Turbulent magnetic fields in the early Universe
Supermassive black holes with \(10^9\) solar masses have been observed in the early Universe at redshifts \(z>6\). The early formation of such massive objects is still poorly understood and different scenarios are currently being investigated. We are currently studying direct collapse scenarios with particular emphasis on the influence of turbulent magnetic fields. We do so by running cosmological simulations with Enzo that employ the novel nonlinear subgrid-scale model for MHD turbulence described above. Differences in the stability of accretion disks and their fragmentation are expected due to magnetic torques and angular momentum transport by unresolved magnetic fields.

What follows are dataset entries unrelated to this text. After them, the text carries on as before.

(* Let $A\in\mathcal{T}$ and let $\beta^A_{k,n}$ ($k\in\mathbb{Z}$, $n\in\mathbb{Z}_+$) be the coefficients of its series representation, i.e. the $k$-th Fourier coefficient $A_k$ of $\pi^{-1}(A)$ equals $T_{-k,0}\sum_n\beta^A_{k,n}T_{n,n}$ if $k\le0$ and $\big(\sum_n\beta^A_{k,n}T_{n,n}\big)T_{0,k}$ if $k>0$. Then $A$ is compact if and only if $\sum_{n=0}^\infty\beta^A_{k,n}=0$ for every $k\in\mathbb{Z}$.
   Context: Let $\ell^2(\mathbb{Z}_+)$ have orthonormal basis $(e_n)_{n\ge0}$, let $T$ be the unilateral shift $Te_n=e_{n+1}$, and let $\mathcal{T}$ be the norm-closed subalgebra of $B(\ell^2(\mathbb{Z}_+))$ generated by $T$ and $T^*$. For $n,m\in\mathbb{Z}_+$ put $T_{n,m}=T^n(T^* )^m$. $\widetilde{T}_{n,m}\in C(S^1,\mathcal{T})$ is $\widetilde{T}_{n,m}(e^{i\theta})=e^{i(m-n)\theta}T_{n,m}$, $\widetilde{\mathcal{T}}$ is the closed subalgebra of $C(S^1,\mathcal{T})$ (sup norm) generated by them, and $\pi:\widetilde{\mathcal{T}}\to\mathcal{T}$, $\pi(F)=F(1)$, is a *-isomorphism. The $k$-th Fourier coefficient of $F$ is $\frac{1}{2\pi}\int_0^{2\pi}F(e^{i\theta})e^{-ik\theta}d\theta$. Each such coefficient $A_k$ of $\pi^{-1}(A)$ has the displayed form with strongly convergent inner series and $\sum_n\beta^A_{k,n}$ convergent. *)

theory Defs
  imports "HOL-Analysis.Analysis"
begin

text \<open>Concrete model of l^2(Z_+): vectors are complex sequences indexed by nat;
  operators are maps on such sequences, only their behaviour on l2 matters.\<close>

type_synonym vec = "nat \<Rightarrow> complex"
type_synonym oper = "vec \<Rightarrow> vec"

definition l2 :: "vec set" where
  "l2 = {x. summable (\<lambda>n. (cmod (x n))\<^sup>2)}"

definition l2norm :: "vec \<Rightarrow> real" where
  "l2norm x = sqrt (\<Sum>n. (cmod (x n))\<^sup>2)"

definition vdiff :: "vec \<Rightarrow> vec \<Rightarrow> vec" where
  "vdiff x y = (\<lambda>i. x i - y i)"

definition l2_tendsto :: "(nat \<Rightarrow> vec) \<Rightarrow> vec \<Rightarrow> bool" where
  "l2_tendsto s y \<longleftrightarrow> y \<in> l2 \<and> (\<forall>N. s N \<in> l2) \<and>
     (\<lambda>N. l2norm (vdiff (s N) y)) \<longlonglongrightarrow> 0"

definition op_add :: "oper \<Rightarrow> oper \<Rightarrow> oper" where
  "op_add A B = (\<lambda>x i. A x i + B x i)"

definition op_diff :: "oper \<Rightarrow> oper \<Rightarrow> oper" where
  "op_diff A B = (\<lambda>x i. A x i - B x i)"

definition op_scale :: "complex \<Rightarrow> oper \<Rightarrow> oper" where
  "op_scale c A = (\<lambda>x i. c * A x i)"

definition bounded_op :: "oper \<Rightarrow> bool" where
  "bounded_op A \<longleftrightarrow>
     (\<forall>x\<in>l2. A x \<in> l2) \<and>
     (\<forall>x\<in>l2. \<forall>y\<in>l2. \<forall>a b. A (\<lambda>i. a * x i + b * y i) = (\<lambda>i. a * A x i + b * A y i)) \<and>
     (\<exists>C. \<forall>x\<in>l2. l2norm (A x) \<le> C * l2norm x)"

definition opnorm :: "oper \<Rightarrow> real" where
  "opnorm A = Sup {l2norm (A x) | x. x \<in> l2 \<and> l2norm x \<le> 1}"

definition compact_op :: "oper \<Rightarrow> bool" where
  "compact_op A \<longleftrightarrow> bounded_op A \<and>
     (\<forall>xs. (\<forall>j. xs j \<in> l2) \<and> (\<exists>M. \<forall>j. l2norm (xs j) \<le> M) \<longrightarrow>
        (\<exists>(r::nat \<Rightarrow> nat) y. strict_mono r \<and> l2_tendsto (\<lambda>j. A (xs (r j))) y))"

definition shift :: oper where
  "shift x = (\<lambda>n. if n = 0 then 0 else x (n - 1))"

definition shift_adj :: oper where
  "shift_adj x = (\<lambda>n. x (Suc n))"

definition Tnm :: "nat \<Rightarrow> nat \<Rightarrow> oper" where
  "Tnm n m = (shift ^^ n) \<circ> (shift_adj ^^ m)"

inductive_set toep_gen :: "oper set" where
  gen_T: "shift \<in> toep_gen"
| gen_Tadj: "shift_adj \<in> toep_gen"
| gen_add: "A \<in> toep_gen \<Longrightarrow> B \<in> toep_gen \<Longrightarrow> op_add A B \<in> toep_gen"
| gen_scale: "A \<in> toep_gen \<Longrightarrow> op_scale c A \<in> toep_gen"
| gen_mult: "A \<in> toep_gen \<Longrightarrow> B \<in> toep_gen \<Longrightarrow> A \<circ> B \<in> toep_gen"

definition toeplitz :: "oper set" where
  "toeplitz = {A. bounded_op A \<and> (\<forall>e>0. \<exists>B\<in>toep_gen. opnorm (op_diff A B) < e)}"

text \<open>Functions on S^1 are parametrised by theta (value at e^(i theta)).
  T~_(n,m)(e^(i theta)) = e^(i(m-n)theta) T_(n,m).\<close>
definition Ttil :: "nat \<Rightarrow> nat \<Rightarrow> real \<Rightarrow> oper" where
  "Ttil n m \<theta> = op_scale (exp (\<i> * of_real ((real m - real n) * \<theta>))) (Tnm n m)"

inductive_set toep_til_gen :: "(real \<Rightarrow> oper) set" where
  tgen_basic: "Ttil n m \<in> toep_til_gen"
| tgen_add: "F \<in> toep_til_gen \<Longrightarrow> G \<in> toep_til_gen \<Longrightarrow> (\<lambda>\<theta>. op_add (F \<theta>) (G \<theta>)) \<in> toep_til_gen"
| tgen_scale: "F \<in> toep_til_gen \<Longrightarrow> (\<lambda>\<theta>. op_scale c (F \<theta>)) \<in> toep_til_gen"
| tgen_mult: "F \<in> toep_til_gen \<Longrightarrow> G \<in> toep_til_gen \<Longrightarrow> (\<lambda>\<theta>. F \<theta> \<circ> G \<theta>) \<in> toep_til_gen"

definition C_circle_toep :: "(real \<Rightarrow> oper) set" where
  "C_circle_toep = {F. (\<forall>\<theta>. F \<theta> \<in> toeplitz) \<and>
     (\<forall>\<theta> x. x \<in> l2 \<longrightarrow> F (\<theta> + 2 * pi) x = F \<theta> x) \<and>
     (\<forall>\<theta>. \<forall>e>0. \<exists>d>0. \<forall>\<theta>'. \<bar>\<theta>' - \<theta>\<bar> < d \<longrightarrow> opnorm (op_diff (F \<theta>') (F \<theta>)) < e)}"

definition toep_til :: "(real \<Rightarrow> oper) set" where
  "toep_til = {F. F \<in> C_circle_toep \<and>
     (\<forall>e>0. \<exists>G\<in>toep_til_gen. \<forall>\<theta>. opnorm (op_diff (F \<theta>) (G \<theta>)) < e)}"

definition fourier_coeff :: "(real \<Rightarrow> oper) \<Rightarrow> int \<Rightarrow> oper" where
  "fourier_coeff F k x = (\<lambda>i. complex_of_real (1 / (2 * pi)) *
     integral {0..2 * pi} (\<lambda>\<theta>. F \<theta> x i * exp (- \<i> * of_real (real_of_int k * \<theta>))))"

In relying on simulations to study processes that are otherwise difficult to observe (in experiments or in nature), for example MHD turbulence, it is important to understand the potential impact of the numerical method on the results.
We work with different codes, e.g., Enzo or Athena, and conduct simulations under (almost) identical conditions. This allows us to quantify the effects of different numerical methods and their implementations in practice.
In addition, we are preparing the transition to next generation, exascale systems. While the final architecture and design are still not determined, the previous years have shown that the entire environment is quite dynamic, e.g., the cancellation of Intel’s Xeon Phi series, so that performance portability is a key requirement in current code development. Performance portability broadly refers to writing code once that performs well (in the sense of making efficient use of the architecture) on multiple different architectures, e.g., CPUs or GPUs.
We are current exploring Kokkos - a C++ library that abstracts parallel execution and (hierarchical) memory management - Part of this exploration is porting a modern C++ astrophysical MHD code to make use of this approach - eventually allowing us to run the code on large GPU supercomputers such as Summit in near future.